[[ Records for this exercise open ]]
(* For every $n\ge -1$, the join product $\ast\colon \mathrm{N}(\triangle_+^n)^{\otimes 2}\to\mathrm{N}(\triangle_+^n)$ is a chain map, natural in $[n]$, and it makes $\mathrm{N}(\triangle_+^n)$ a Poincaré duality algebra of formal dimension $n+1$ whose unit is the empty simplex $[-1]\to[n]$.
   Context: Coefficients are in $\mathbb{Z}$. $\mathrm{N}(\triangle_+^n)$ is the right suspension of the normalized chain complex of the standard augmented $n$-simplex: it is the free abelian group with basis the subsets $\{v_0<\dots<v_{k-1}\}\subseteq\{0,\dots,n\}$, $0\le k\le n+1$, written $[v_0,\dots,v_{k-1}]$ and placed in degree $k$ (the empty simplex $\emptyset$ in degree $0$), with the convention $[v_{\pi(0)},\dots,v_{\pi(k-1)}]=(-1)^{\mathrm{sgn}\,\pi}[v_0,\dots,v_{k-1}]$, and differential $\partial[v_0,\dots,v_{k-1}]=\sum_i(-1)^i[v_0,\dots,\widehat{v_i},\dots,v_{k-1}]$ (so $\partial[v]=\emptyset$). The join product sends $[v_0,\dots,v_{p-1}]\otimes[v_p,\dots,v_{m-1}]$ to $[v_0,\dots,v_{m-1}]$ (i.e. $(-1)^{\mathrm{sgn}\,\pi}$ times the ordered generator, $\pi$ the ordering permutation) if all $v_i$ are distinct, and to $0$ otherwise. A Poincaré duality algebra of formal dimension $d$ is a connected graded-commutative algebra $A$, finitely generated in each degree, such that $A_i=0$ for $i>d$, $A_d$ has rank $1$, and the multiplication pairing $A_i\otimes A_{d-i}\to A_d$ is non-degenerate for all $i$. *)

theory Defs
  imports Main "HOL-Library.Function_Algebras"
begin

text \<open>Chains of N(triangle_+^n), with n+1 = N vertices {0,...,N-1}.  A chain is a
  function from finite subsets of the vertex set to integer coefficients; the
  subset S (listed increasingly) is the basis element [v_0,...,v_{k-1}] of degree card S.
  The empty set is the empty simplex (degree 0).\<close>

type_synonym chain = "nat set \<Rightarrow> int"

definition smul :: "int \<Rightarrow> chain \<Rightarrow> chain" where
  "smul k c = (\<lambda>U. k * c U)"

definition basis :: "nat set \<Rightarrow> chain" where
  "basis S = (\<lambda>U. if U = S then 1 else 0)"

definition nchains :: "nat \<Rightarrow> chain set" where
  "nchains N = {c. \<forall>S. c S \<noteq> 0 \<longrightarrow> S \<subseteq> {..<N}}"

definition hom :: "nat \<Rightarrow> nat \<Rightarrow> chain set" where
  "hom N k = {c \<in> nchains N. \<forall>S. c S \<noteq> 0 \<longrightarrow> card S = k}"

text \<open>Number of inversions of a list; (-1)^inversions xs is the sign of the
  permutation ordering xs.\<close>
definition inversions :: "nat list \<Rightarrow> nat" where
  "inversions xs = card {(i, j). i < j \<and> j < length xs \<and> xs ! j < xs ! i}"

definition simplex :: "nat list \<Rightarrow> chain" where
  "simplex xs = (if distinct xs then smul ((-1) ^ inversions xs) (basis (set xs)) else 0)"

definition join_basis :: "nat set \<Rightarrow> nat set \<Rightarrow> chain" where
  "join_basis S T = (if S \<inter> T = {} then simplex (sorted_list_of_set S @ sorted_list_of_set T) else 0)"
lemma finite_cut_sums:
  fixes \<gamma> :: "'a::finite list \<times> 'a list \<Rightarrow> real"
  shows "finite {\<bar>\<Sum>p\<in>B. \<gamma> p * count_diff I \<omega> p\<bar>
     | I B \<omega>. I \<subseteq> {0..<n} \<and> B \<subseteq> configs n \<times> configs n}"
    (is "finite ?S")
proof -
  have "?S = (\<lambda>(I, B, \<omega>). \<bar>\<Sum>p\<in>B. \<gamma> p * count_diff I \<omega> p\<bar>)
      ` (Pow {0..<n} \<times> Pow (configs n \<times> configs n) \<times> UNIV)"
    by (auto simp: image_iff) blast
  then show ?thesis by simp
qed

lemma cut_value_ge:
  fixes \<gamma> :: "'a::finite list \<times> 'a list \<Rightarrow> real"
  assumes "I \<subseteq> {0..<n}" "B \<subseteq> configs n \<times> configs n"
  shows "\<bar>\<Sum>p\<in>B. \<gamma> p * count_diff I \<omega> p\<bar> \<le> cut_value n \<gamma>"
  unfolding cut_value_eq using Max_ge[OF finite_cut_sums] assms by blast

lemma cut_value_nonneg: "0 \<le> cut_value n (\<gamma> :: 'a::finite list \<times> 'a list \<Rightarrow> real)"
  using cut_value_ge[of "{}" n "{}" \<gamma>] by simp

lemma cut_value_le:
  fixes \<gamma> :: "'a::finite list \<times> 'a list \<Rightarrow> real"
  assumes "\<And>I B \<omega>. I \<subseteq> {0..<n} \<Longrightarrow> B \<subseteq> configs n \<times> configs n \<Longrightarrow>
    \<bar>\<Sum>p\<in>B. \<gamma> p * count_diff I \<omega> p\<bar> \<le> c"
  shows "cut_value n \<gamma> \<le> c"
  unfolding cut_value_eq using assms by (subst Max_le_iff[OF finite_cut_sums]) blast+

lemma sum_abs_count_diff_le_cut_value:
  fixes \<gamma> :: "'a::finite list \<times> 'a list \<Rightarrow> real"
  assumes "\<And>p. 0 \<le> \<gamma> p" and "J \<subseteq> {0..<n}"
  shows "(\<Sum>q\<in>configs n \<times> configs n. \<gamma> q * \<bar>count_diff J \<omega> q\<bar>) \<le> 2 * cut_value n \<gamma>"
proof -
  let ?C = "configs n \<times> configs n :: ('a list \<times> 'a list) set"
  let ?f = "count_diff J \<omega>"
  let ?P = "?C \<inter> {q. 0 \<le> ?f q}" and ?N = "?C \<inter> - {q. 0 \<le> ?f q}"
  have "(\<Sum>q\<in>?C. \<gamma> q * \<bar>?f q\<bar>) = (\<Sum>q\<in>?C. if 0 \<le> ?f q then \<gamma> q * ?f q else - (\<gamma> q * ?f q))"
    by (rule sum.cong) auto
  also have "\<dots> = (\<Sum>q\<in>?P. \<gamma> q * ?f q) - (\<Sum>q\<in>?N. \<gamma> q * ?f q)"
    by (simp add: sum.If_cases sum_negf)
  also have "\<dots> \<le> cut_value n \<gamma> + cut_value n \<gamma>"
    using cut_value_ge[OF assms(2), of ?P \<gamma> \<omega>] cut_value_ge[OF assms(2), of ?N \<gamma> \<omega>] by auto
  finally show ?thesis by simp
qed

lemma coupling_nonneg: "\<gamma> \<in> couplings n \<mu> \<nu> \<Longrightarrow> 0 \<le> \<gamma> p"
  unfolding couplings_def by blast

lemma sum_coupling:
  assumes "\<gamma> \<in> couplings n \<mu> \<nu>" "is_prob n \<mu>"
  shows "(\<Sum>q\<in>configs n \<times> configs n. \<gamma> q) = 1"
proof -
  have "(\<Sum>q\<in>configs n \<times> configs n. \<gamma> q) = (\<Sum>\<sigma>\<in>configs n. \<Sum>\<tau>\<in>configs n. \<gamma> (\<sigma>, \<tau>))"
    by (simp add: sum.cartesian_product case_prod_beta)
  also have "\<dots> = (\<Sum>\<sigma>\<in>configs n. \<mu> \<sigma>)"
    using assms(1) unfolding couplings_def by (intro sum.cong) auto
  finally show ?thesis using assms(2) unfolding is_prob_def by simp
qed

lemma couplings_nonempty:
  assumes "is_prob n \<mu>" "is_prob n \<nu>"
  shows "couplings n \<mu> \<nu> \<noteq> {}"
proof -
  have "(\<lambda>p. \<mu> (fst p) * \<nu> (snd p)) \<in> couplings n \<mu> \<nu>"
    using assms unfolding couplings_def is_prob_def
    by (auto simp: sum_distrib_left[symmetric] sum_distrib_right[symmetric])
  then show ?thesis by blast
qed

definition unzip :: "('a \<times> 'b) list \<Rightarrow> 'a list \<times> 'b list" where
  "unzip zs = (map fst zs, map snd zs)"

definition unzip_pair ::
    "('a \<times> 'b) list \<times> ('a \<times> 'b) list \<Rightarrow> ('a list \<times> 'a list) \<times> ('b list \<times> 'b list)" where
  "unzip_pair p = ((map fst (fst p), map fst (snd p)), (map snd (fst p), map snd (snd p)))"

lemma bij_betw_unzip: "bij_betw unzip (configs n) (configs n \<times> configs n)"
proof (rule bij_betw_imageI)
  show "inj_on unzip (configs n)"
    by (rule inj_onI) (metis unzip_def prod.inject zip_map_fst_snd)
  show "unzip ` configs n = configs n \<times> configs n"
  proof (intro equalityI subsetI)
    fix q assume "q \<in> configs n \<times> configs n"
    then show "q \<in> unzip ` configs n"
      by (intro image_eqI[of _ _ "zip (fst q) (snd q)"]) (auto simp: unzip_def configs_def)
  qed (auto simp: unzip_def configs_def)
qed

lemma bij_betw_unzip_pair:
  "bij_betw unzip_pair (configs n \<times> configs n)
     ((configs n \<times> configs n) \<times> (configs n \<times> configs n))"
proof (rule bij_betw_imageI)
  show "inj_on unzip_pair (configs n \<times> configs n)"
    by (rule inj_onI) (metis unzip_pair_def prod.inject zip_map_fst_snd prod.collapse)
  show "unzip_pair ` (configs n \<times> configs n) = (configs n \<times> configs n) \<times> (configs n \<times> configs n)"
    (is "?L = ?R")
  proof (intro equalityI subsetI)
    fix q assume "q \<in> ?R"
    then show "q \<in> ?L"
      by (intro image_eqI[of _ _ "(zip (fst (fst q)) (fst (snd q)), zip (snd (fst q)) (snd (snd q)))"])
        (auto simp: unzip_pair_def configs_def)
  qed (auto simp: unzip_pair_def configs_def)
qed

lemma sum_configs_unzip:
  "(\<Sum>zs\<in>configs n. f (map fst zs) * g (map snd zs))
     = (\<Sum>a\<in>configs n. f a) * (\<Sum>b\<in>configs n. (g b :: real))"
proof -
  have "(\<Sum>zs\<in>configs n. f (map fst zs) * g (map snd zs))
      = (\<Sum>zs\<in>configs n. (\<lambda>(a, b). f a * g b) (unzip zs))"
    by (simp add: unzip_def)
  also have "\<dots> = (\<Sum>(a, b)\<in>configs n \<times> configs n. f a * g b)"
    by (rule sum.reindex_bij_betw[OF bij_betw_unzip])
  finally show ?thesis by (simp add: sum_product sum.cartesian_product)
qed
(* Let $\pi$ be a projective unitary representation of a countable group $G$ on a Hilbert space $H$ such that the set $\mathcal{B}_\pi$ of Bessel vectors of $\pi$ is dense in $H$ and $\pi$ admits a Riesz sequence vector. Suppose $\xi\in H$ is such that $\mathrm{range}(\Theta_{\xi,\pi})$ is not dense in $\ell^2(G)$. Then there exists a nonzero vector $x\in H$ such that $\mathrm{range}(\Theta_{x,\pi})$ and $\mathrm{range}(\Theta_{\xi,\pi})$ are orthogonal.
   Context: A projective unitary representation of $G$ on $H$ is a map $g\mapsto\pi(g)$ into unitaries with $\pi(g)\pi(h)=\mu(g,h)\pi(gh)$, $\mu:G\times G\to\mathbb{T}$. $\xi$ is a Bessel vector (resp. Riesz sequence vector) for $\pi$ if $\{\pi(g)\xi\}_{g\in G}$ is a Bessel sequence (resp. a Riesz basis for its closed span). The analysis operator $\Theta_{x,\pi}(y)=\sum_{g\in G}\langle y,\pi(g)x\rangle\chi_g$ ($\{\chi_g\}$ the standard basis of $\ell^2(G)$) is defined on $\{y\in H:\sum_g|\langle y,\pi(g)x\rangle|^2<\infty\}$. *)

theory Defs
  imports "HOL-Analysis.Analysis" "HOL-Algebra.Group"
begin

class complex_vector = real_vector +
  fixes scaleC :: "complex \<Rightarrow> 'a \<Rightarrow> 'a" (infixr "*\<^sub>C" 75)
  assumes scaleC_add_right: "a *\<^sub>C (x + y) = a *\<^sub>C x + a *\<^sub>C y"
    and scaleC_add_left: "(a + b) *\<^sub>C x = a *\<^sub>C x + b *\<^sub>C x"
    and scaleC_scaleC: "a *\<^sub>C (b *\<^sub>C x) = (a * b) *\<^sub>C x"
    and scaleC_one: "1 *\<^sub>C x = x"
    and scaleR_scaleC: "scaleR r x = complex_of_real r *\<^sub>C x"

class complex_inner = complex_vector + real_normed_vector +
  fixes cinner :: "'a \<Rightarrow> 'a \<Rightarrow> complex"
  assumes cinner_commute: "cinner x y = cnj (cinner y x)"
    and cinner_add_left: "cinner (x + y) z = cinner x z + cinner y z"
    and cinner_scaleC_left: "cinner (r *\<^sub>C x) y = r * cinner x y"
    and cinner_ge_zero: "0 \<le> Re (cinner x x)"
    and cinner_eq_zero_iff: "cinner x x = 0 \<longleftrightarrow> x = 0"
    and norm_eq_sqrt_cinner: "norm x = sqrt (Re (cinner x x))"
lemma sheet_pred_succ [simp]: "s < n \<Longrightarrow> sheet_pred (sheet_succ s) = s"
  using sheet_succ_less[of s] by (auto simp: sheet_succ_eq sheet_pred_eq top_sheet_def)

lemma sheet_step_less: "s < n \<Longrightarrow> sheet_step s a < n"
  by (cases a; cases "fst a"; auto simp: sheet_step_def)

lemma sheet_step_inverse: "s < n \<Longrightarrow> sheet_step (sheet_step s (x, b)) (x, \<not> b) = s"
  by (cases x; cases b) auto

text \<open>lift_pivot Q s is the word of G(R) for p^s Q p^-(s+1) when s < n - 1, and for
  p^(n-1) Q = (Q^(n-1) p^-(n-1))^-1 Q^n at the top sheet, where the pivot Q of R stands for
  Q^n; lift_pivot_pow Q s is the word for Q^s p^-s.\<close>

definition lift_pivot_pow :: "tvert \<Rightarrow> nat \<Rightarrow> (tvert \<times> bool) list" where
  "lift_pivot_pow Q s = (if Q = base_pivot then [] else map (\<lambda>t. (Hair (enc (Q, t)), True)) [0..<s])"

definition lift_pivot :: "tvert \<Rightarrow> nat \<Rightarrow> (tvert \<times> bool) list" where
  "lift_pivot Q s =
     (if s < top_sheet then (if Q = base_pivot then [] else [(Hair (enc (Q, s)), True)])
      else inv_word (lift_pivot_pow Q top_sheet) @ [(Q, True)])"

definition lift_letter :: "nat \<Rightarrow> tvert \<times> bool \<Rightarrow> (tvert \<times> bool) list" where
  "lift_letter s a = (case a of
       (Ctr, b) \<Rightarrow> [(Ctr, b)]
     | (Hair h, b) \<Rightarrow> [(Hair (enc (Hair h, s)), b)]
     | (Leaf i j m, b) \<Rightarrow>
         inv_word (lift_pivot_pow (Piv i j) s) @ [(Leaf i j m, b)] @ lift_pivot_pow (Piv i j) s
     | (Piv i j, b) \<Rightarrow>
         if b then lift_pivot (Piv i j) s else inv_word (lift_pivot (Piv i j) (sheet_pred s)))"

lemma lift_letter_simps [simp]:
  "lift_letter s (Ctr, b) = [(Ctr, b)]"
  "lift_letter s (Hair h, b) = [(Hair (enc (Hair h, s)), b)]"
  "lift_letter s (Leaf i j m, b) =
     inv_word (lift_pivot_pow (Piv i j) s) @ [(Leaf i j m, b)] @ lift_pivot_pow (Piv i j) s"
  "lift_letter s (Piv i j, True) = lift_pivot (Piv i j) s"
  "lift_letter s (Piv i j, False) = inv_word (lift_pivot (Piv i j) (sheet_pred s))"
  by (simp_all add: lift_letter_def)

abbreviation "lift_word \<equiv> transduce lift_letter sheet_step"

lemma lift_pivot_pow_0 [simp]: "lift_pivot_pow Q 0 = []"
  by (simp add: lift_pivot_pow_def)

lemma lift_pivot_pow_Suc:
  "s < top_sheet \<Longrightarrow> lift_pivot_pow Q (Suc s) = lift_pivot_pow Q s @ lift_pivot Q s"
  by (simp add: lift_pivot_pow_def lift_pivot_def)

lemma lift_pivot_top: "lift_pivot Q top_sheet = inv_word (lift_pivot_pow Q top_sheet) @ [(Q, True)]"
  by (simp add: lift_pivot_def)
[[ Records for this exercise closed ]]
## Work item
Compute the number of lines above that contain the string "unitary". Reply with that value only.

## Exercise output
2